Figure 5.. Glycosylation of the native QYNST sequon in IgG Fc domains by DmPglB.

(a) Non-reducing immunoblot analysis of protein A-purified proteins from whole-cell lysate of CLM24 cells transformed with the following plasmids: pMW07-pglΔBCDEF for making GalNAc₅(Glc)GlcNAc (left) or pMW07-pglΔBICDEF for making GalNAc₅GlcNAc (right); pMLBAD encoding CjPglB, DgPglB, DmPglB, or DmPglB^mut; and pTrc99S-hinge-Fc encoding hinge-Fc derived from human IgG1. Blots were probed with anti-human IgG (anti-IgG) to detect human Fc (top panel) and hR6 serum (bottom panel). Molecular weight (M_W) markers are indicated on the left. The g0, g1, and g2 arrows indicate un-, mono-, and diglycosylated Fc proteins, respectively. Blots are representative of biological replicates (n = 3). (b) Glycosylation efficiency was determined as above with data reported as the mean ± SD. Statistical significance was determined by unpaired two-tailed Student’s t-test. Calculated p values are represented as follows: ****, p < 0.0001. (c) Same as in (a) but with JUDE-1 cells transformed with plasmid pMAZ360-YMF10-IgG encoding a full-length chimeric IgG1 specific for PA along with plasmids for glycan biosynthesis and ssOST as indicated. Asterisks denote band shifts due to glycosylation of HC-LC dimer.

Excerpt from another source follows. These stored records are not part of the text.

(* Let $M$ be a manifold of dimension $m$, and let $X_p$ and $X_s$ be two commuting vector fields on $M$ possessing $m-2$ independent common integrals of motion $H_1,\dots,H_{m-2}$. Let $h(x)=E\,x^2+F\,x+G$ be a quadratic polynomial in $x$ whose coefficients $E,F,G$ are functions on $M$ satisfying the Kowalewski separability conditions \[ E F_s - F E_s = E G_p - G E_p, \qquad E G_s - G E_s = F G_p - G F_p , \] where $E_p=X_p(E)$, $E_s=X_s(E)$, and similarly for $F$ and $G$. Then the roots $x_1,x_2$ of the equation $E x^2+F x+G=0$ are separating coordinates for $X_p$ and $X_s$.
   Context: "Separating coordinates" is meant in the following sense: in the coordinate system $(x_1,x_2,H_1,\dots,H_{m-2})$ (adapted to the two-dimensional foliation spanned by $X_p,X_s$), there exist functions $\psi_1,\psi_2$ such that \[ X_s + x_1 X_p = \psi_1\,\frac{\partial}{\partial x_1},\qquad X_s + x_2 X_p = \psi_2\,\frac{\partial}{\partial x_2}, \] with $\psi_1$ independent of $x_2$ and $\psi_2$ independent of $x_1$ (i.e. $\psi_1=\psi_1(x_1,H_1,\dots,H_{m-2})$, $\psi_2=\psi_2(x_2,H_1,\dots,H_{m-2})$). *)

theory Defs
  imports "HOL-Analysis.Analysis"
begin

text \<open>Local model: the manifold M of dimension m is represented (locally) by an open
set U in a Euclidean space of dimension m = DIM('a).\<close>

fun Ck_on :: "nat \<Rightarrow> 'a::euclidean_space set \<Rightarrow> ('a \<Rightarrow> 'b::real_normed_vector) \<Rightarrow> bool" where
  "Ck_on 0 U f = continuous_on U f"
| "Ck_on (Suc k) U f =
     ((\<forall>x\<in>U. f differentiable (at x)) \<and>
      (\<forall>v. Ck_on k U (\<lambda>x. frechet_derivative f (at x) v)))"

definition smooth_on :: "'a::euclidean_space set \<Rightarrow> ('a \<Rightarrow> 'b::real_normed_vector) \<Rightarrow> bool" where
  "smooth_on U f \<longleftrightarrow> (\<forall>k. Ck_on k U f)"

definition vf_apply :: "('a::euclidean_space \<Rightarrow> 'a) \<Rightarrow> ('a \<Rightarrow> real) \<Rightarrow> 'a \<Rightarrow> real" where
  "vf_apply X f q = frechet_derivative f (at q) (X q)"

definition commuting_on :: "'a::euclidean_space set \<Rightarrow> ('a \<Rightarrow> 'a) \<Rightarrow> ('a \<Rightarrow> 'a) \<Rightarrow> bool" where
  "commuting_on U X Y \<longleftrightarrow>
     (\<forall>q\<in>U. frechet_derivative Y (at q) (X q) - frechet_derivative X (at q) (Y q) = 0)"

definition indep_differentials :: "(nat \<Rightarrow> 'a::euclidean_space \<Rightarrow> real) \<Rightarrow> nat \<Rightarrow> 'a \<Rightarrow> bool" where
  "indep_differentials f n q \<longleftrightarrow>
     (\<forall>c::nat \<Rightarrow> real. (\<forall>v. (\<Sum>j<n. c j * frechet_derivative (f j) (at q) v) = 0)
        \<longrightarrow> (\<forall>j<n. c j = 0))"

text \<open>The coordinate system (x1, x2, H_1, ..., H_{m-2}) as an indexed family of functions:
  index 0 is x1, index 1 is x2, index k+2 is H k.\<close>
definition coords :: "('a \<Rightarrow> real) \<Rightarrow> ('a \<Rightarrow> real) \<Rightarrow> (nat \<Rightarrow> 'a \<Rightarrow> real) \<Rightarrow> nat \<Rightarrow> 'a \<Rightarrow> real" where
  "coords x1 x2 H j = (if j = 0 then x1 else if j = 1 then x2 else H (j - 2))"

definition coord_vec :: "(nat \<Rightarrow> 'a::euclidean_space \<Rightarrow> real) \<Rightarrow> nat \<Rightarrow> nat \<Rightarrow> 'a \<Rightarrow> 'a" where
  "coord_vec y n i q =
     (THE v. \<forall>j<n. frechet_derivative (y j) (at q) v = (if j = i then 1 else 0))"

end

theory Submission
  imports Defs
begin

(* By Vieta, F = -E (x1 + x2) and G = E x1 x2, and the Kowalewski conditions then say exactly
   that X_s x1 = -x2 X_p x1 and X_s x2 = -x1 X_p x2.  Hence X_s + x1 X_p annihilates x2 and every
   H_k, so it is psi1 d/dx1 with psi1 = (x1 - x2) X_p x1.  Because X_p and X_s commute, psi1 has
   zero derivative along X_s + x2 X_p, which spans the common kernel of dx1 and the dH_k; so psi1
   is constant along the x2-coordinate lines, which the inverse function theorem realises locally
   as paths.  The root x2 is treated symmetrically. *)

abbreviation Df :: "('a::real_normed_vector \<Rightarrow> 'b::real_normed_vector) \<Rightarrow> 'a \<Rightarrow> 'a \<Rightarrow> 'b" where
  "Df f x \<equiv> frechet_derivative f (at x)"

lemma Ck_on_2_D:
  assumes "Ck_on 2 U f"
  shows "\<forall>x\<in>U. f differentiable (at x)"
    and "\<forall>x\<in>U. (\<lambda>x. Df f x u) differentiable (at x)"
    and "continuous_on U (\<lambda>x. Df (\<lambda>x. Df f x u) x v)"
  using assms by (simp_all add: numeral_2_eq_2)

lemma Ck_on_1_D:
  assumes "Ck_on 1 U f"
  shows "\<forall>x\<in>U. f differentiable (at x)" and "continuous_on U (\<lambda>x. Df f x v)"
  using assms by simp_all

lemma Ck_on_2_imp_Ck_on_1:
  assumes "Ck_on 2 U f"
  shows "Ck_on 1 U f"
  using assms
  by (auto simp: numeral_2_eq_2
      intro!: differentiable_imp_continuous_on differentiable_at_imp_differentiable_on)

lemma has_derivative_along_line:
  fixes F :: "'a::real_normed_vector \<Rightarrow> 'b::real_normed_vector"
  assumes dF: "(F has_derivative F') (at (a + t *\<^sub>R u))"
  shows "((\<lambda>s. F (a + s *\<^sub>R u)) has_derivative (\<lambda>d. d *\<^sub>R F' u)) (at t within S)"
proof -
  have "((\<lambda>s. a + s *\<^sub>R u) has_derivative (\<lambda>d. d *\<^sub>R u)) (at t within S)"
    by (auto intro!: derivative_eq_intros)
  from has_derivative_compose[OF this dF] show ?thesis
    using has_derivative_linear[OF dF] by (simp add: linear_cmul)
qed
lemma run_count_eq_card_run_string:
  "run_count n X rs = card {j. j < length runs \<and> run_string j (length rs) = rs}"
proof -
  have "(\<forall>t<length rs. run_len n X ((j + t) mod length runs) = rs ! t)
      \<longleftrightarrow> run_string j (length rs) = rs" for j
    by (simp add: list_eq_iff_nth_eq nth_run_string)
  then show ?thesis
    by (simp add: run_count_def)
qed

lemma card_run_starts_between:
  assumes "runs \<noteq> []" "j \<le> b"
  shows "card {t \<in> {start_pos j<..start_pos b}. run_start t} = b - j"
proof -
  have mono: "strict_mono start_pos"
    using strict_mono_start_pos[OF assms(1)] .
  have "{t \<in> {start_pos j<..start_pos b}. run_start t} = start_pos ` {j<..b}"
    using mono
    by (auto simp: run_start_iff_in_range[OF assms(1)] strict_mono_less strict_mono_less_eq)
  moreover have "inj start_pos"
    using mono strict_mono_imp_inj_on by blast
  ultimately show ?thesis
    by (simp add: card_image inj_on_subset)
qed

lemma paut_eq_shifted_sum: "paut n X k = (\<Sum>i<n. x (i + a) * x (i + a + k))"
proof -
  have "paut n X k = (\<Sum>i<n. x i * x (i + k))"
    by (simp add: paut_def x_def)
  also have "\<dots> = (\<Sum>i<n. x (i + a) * x (i + a + k))"
  proof (rule sum_lessThan_periodic_shift[symmetric])
    fix t
    show "x (t + n) * x (t + n + k) = x t * x (t + k)"
      using x_periodic[of t] x_periodic[of "t + k"] by (simp add: add_ac)
  qed
  finally show ?thesis .
qed

end

locale pm1_sequence = periodic_sequence +
  assumes pm1: "pm1_seq n X"
begin

lemma x_pm1: "x t = 1 \<or> x t = -1"
  using pm1 period_pos by (simp add: pm1_seq_def x_def)

lemma x_mult_eq_sign: "x i * x (i + k) = (-1) ^ card {t \<in> {i<..i + k}. run_start t}"
proof (induction k)
  case 0
  show ?case
    using x_pm1[of i] by auto
next
  case (Suc k)
  let ?S = "{t \<in> {i<..i + k}. run_start t}"
  have "x (i + Suc k) = (if run_start (i + Suc k) then - x (i + k) else x (i + k))"
    using run_start_Suc[of "i + k"] x_pm1[of "i + k"] x_pm1[of "i + Suc k"] by auto
  moreover have "{t \<in> {i<..i + Suc k}. run_start t}
      = (if run_start (i + Suc k) then insert (i + Suc k) ?S else ?S)"
    by (auto simp: le_Suc_eq)
  ultimately show ?case
    using Suc.IH by simp
qed

lemma x_start_pos_mult:
  assumes "runs \<noteq> []" "j \<le> b"
  shows "x (start_pos j) * x (start_pos b) = (-1) ^ (b - j)"
proof -
  have "start_pos j \<le> start_pos b"
    using strict_mono_start_pos[OF assms(1)] assms(2) by (simp add: strict_mono_less_eq)
  then show ?thesis
    using x_mult_eq_sign[of "start_pos j" "start_pos b - start_pos j"]
      card_run_starts_between[OF assms] by simp
qed

lemma sum_compositions_matching_run_string:
  assumes "runs \<noteq> []" "0 < k"
  shows "(\<Sum>rs\<in>compositions k. (-1) ^ length rs * of_bool (run_string j (length rs) = rs))
    = (if run_start (start_pos j + k) then x (start_pos j) * x (start_pos j + k) else 0)"
proof -
  let ?M = "compositions k \<inter> {rs. run_string j (length rs) = rs}"
  have mono: "strict_mono start_pos"
    using strict_mono_start_pos[OF assms(1)] .
  have end_pos: "start_pos (j + length rs) = start_pos j + k" if "rs \<in> ?M" for rs
    using that start_pos_add_run_string[OF assms(1), of j "length rs"]
    by (auto simp: compositions_def)
  have "(\<Sum>rs\<in>compositions k. (-1::int) ^ length rs * of_bool (run_string j (length rs) = rs))
      = (\<Sum>rs\<in>?M. (-1) ^ length rs)"
    by (rule sum_mult_of_bool_eq[OF finite_compositions])
  also have "\<dots> = (if run_start (start_pos j + k) then x (start_pos j) * x (start_pos j + k) else 0)"
  proof (cases "run_start (start_pos j + k)")
    case True
    then obtain b where b: "start_pos b = start_pos j + k"
      using run_start_iff_in_range[OF assms(1)] by (metis rangeE)
    then have "j < b"
      using mono assms(2) by (metis less_add_same_cancel1 strict_mono_less)
    have "?M = {run_string j (b - j)}"
    proof (intro equalityI subsetI)
      fix rs assume rs: "rs \<in> ?M"
      then have "length rs = b - j"
        using end_pos b strict_mono_eq[OF mono, of "j + length rs" b] by simp
      then show "rs \<in> {run_string j (b - j)}"
        using rs by simp
    next
      fix rs assume "rs \<in> {run_string j (b - j)}"
      then show "rs \<in> ?M"
        using start_pos_add_run_string[OF assms(1), of j "b - j"] b \<open>j < b\<close>
        by (auto simp: compositions_def run_string_def run_len_pos)
    qed
    then have "(\<Sum>rs\<in>?M. (-1) ^ length rs) = (-1::int) ^ (b - j)"
      by simp
    also have "\<dots> = x (start_pos j) * x (start_pos j + k)"
      using x_start_pos_mult[OF assms(1), of j b] \<open>j < b\<close> by (simp add: b)
    finally show ?thesis
      unfolding if_P[OF True] .
  next
    case False
    have "?M = {}"
    proof (rule equals0I)
      fix rs assume "rs \<in> ?M"
      then have "start_pos j + k \<in> range start_pos"
        using end_pos by (intro range_eqI[of _ _ "j + length rs"]) simp
      then show False
        using False unfolding run_start_iff_in_range[OF assms(1)] by contradiction
    qed
    then show ?thesis
      using False by simp
  qed
  finally show ?thesis .
qed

Figure 6.. Chemoenzymatic remodeling of E. coli-derived hinge-Fc glycans.

(a) Schematic representation of the chemoenzymatic reaction for trimming and remodeling hinge-Fc glycans. (b) Immunoblot analysis of the four E. coli-derived glycoforms (from left to right): aglycosylated hinge-Fc, glycosylated GalNAc₅GlcNAc-hinge-Fc, GlcNAc-hinge-Fc, and G2-hinge-Fc. Blot was probed with anti-human IgG (anti-IgG) to detect human Fc. Molecular weight (M_W) markers are indicated on the left. The g0, g1, and g2 arrows indicate un-, mono-, and diglycosylated Fc proteins, respectively. Blot is representative of biological replicates (n = 3). (c) ELISA analysis of same constructs in (b) with FcγRIIIA-V158 as immobilized antigen. Data are average of biological replicates (n = 3) ± SD.